One interesting alternative
Some healthcare facilities have implemented what are known as Handshake-free zones. This method to change from the traditional hand-shaken to other methods of greeting someone including a warm smile, Namaste, or fist bumping . However, these alternative means of communication only put a band-aid on the issue of HCAIs. They do not reflect the need to address over concern of lack of infection prevention and control among healthcare providers. Through behavioral changes, is how better to improve hand hygiene compliance. Of course, changing human habits continues to be an on-going challenging globally.
Why haven’t we improved?
There is not a simple answer to this question concerning the lack of improved hand hygiene to prevent HAIs among healthcare professional. Through many studies, research has proven that a single intervention doesn’t work in addressing the low compliance rate for hand hygiene. Instead, the best approach appears to be combination of support from leadership. These approaches include the following: appropriate access to supplies, frequent educating of staff and professionals, observation and training, and remainders . In addition, there is evidence to support that surveillance and performance feedback have improved the percentage of hand hygiene among healthcare professional [8,10]. If we wish to move the needle forward on the compliance hand hygiene front, a concerted team effort will be needed among all involved who in healthcare facilities.
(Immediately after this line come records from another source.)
lemma solitary_wave_kernel_integrable:
  fixes A \<sigma> :: real and \<phi> \<phi>' \<eta> :: "real \<Rightarrow> real"
  assumes "L2 \<phi>" "L2 \<phi>'" "L2 \<eta>"
  defines "g \<equiv> \<lambda>y. - A * \<phi> y + (3 - \<sigma>) / 2 * (\<phi> y)\<^sup>2 + \<sigma> / 2 * (\<phi>' y)\<^sup>2 + 1 / 2 * (1 + \<eta> y)\<^sup>2"
  shows "g \<in> borel_measurable lborel" "integrable lborel (\<lambda>y. g y * exp (- \<bar>y\<bar>))"
proof -
  have [measurable]: "\<phi> \<in> borel_measurable borel" "\<phi>' \<in> borel_measurable borel" "\<eta> \<in> borel_measurable borel"
    using assms by (simp_all add: L2_def)
  show "g \<in> borel_measurable lborel"
    unfolding g_def by measurable
  define w :: "real \<Rightarrow> real" where "w y = exp (- \<bar>y\<bar>)" for y
  have "integrable lborel (\<lambda>y. - A * (\<phi> y * w y) + (3 - \<sigma>) / 2 * ((\<phi> y)\<^sup>2 * w y)
      + \<sigma> / 2 * ((\<phi>' y)\<^sup>2 * w y) + 1 / 2 * (w y + 2 * (\<eta> y * w y) + (\<eta> y)\<^sup>2 * w y))"
    unfolding w_def
    by (intro Bochner_Integration.integrable_add integrable_mult_right integrable_exp_minus_abs
        L2_integrable_mult_exp L2_integrable_square_mult_exp assms(1-3))
  moreover have "g y * w y = - A * (\<phi> y * w y) + (3 - \<sigma>) / 2 * ((\<phi> y)\<^sup>2 * w y)
      + \<sigma> / 2 * ((\<phi>' y)\<^sup>2 * w y) + 1 / 2 * (w y + 2 * (\<eta> y * w y) + (\<eta> y)\<^sup>2 * w y)" for y
    by (simp add: g_def power2_eq_square algebra_simps)
  ultimately show "integrable lborel (\<lambda>y. g y * exp (- \<bar>y\<bar>))"
    by (simp add: w_def)
qed

lemma solitary_wave_height_where_profile_vanishes:
  fixes \<phi> \<phi>' \<eta> :: "real \<Rightarrow> real"
  assumes H: "H1_with \<phi> \<phi>'" and L\<eta>: "L2 \<eta>" and c\<eta>: "continuous_on UNIV \<eta>"
    and E: "dist_deriv_zero (\<lambda>x. - c * \<phi> x + \<sigma> / 2 * (\<phi> x)\<^sup>2
           + pconv (\<lambda>y. - A * \<phi> y + (3 - \<sigma>) / 2 * (\<phi> y)\<^sup>2 + \<sigma> / 2 * (\<phi>' y)\<^sup>2
                        + 1 / 2 * (1 + \<eta> y)\<^sup>2) x)"
    and r: "r > 0" and Z: "\<And>y. \<bar>y - a\<bar> < r \<or> \<bar>y - b\<bar> < r \<Longrightarrow> \<phi> y = 0"
  shows "(1 + \<eta> a)\<^sup>2 = (1 + \<eta> b)\<^sup>2"
proof -
  have L: "L2 \<phi>" "L2 \<phi>'" "weak_deriv \<phi> \<phi>'"
    using H by (simp_all add: H1_with_def)
  have "AE y in lborel. a - r < y \<and> y < a + r \<longrightarrow> \<phi>' y = 0"
       "AE y in lborel. b - r < y \<and> y < b + r \<longrightarrow> \<phi>' y = 0"
    by (intro weak_deriv_AE_eq_0[OF L(3,2)] Z; simp add: abs_less_iff)+
  then have gh: "AE y in lborel. \<bar>y - a\<bar> < r \<or> \<bar>y - b\<bar> < r \<longrightarrow>
      - A * \<phi> y + (3 - \<sigma>) / 2 * (\<phi> y)\<^sup>2 + \<sigma> / 2 * (\<phi>' y)\<^sup>2 + 1 / 2 * (1 + \<eta> y)\<^sup>2
        = 1 / 2 * (1 + \<eta> y)\<^sup>2"
  proof eventually_elim
    case (elim y)
    show ?case
    proof
      assume "\<bar>y - a\<bar> < r \<or> \<bar>y - b\<bar> < r"
      then have "\<phi> y = 0" "\<phi>' y = 0"
        using Z elim by (auto simp: abs_less_iff)
      then show "- A * \<phi> y + (3 - \<sigma>) / 2 * (\<phi> y)\<^sup>2 + \<sigma> / 2 * (\<phi>' y)\<^sup>2 + 1 / 2 * (1 + \<eta> y)\<^sup>2
          = 1 / 2 * (1 + \<eta> y)\<^sup>2"
        by simp
    qed
  qed
  have h: "continuous_on UNIV (\<lambda>y. 1 / 2 * (1 + \<eta> y)\<^sup>2)"
    by (intro continuous_intros c\<eta>)
  have G: "- c * \<phi> x + \<sigma> / 2 * (\<phi> x)\<^sup>2 = 0" if "\<bar>x - a\<bar> < r \<or> \<bar>x - b\<bar> < r" for x
    using Z[OF that] by simp
  have "1 / 2 * (1 + \<eta> a)\<^sup>2 = 1 / 2 * (1 + \<eta> b)\<^sup>2"
    using eq_if_dist_deriv_zero_pconv_near[OF E solitary_wave_kernel_integrable[OF L(1,2) L\<eta>] h r G gh]
    by simp
  then show ?thesis by simp
qed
Hand-hygiene compliance among healthcare professions continues to be a challenge even into the 21st Century. Globally, the compliance rate for proper hand hygiene for this population continues to fall below 50%, on average [1,8,10]. Numerous publications offer solutions to this problem including this brief article. In this article, a brief history of hand hygiene development from the early 19th Century to today’s current CDC’s recommendations is first outlined. Then, a review of the potential reasons for why this continues to be an issue for decades. In addition, three problems with solutions are identifies. Of course, more can be discussed on this topic of proper hand hygiene technique in healthcare. In future articles, an exploration of multi-disciplinary approaches to hand hygiene and multi-modalities should be explored. A consideration of the role of technology to further support hand hygiene is another area to consider for future research.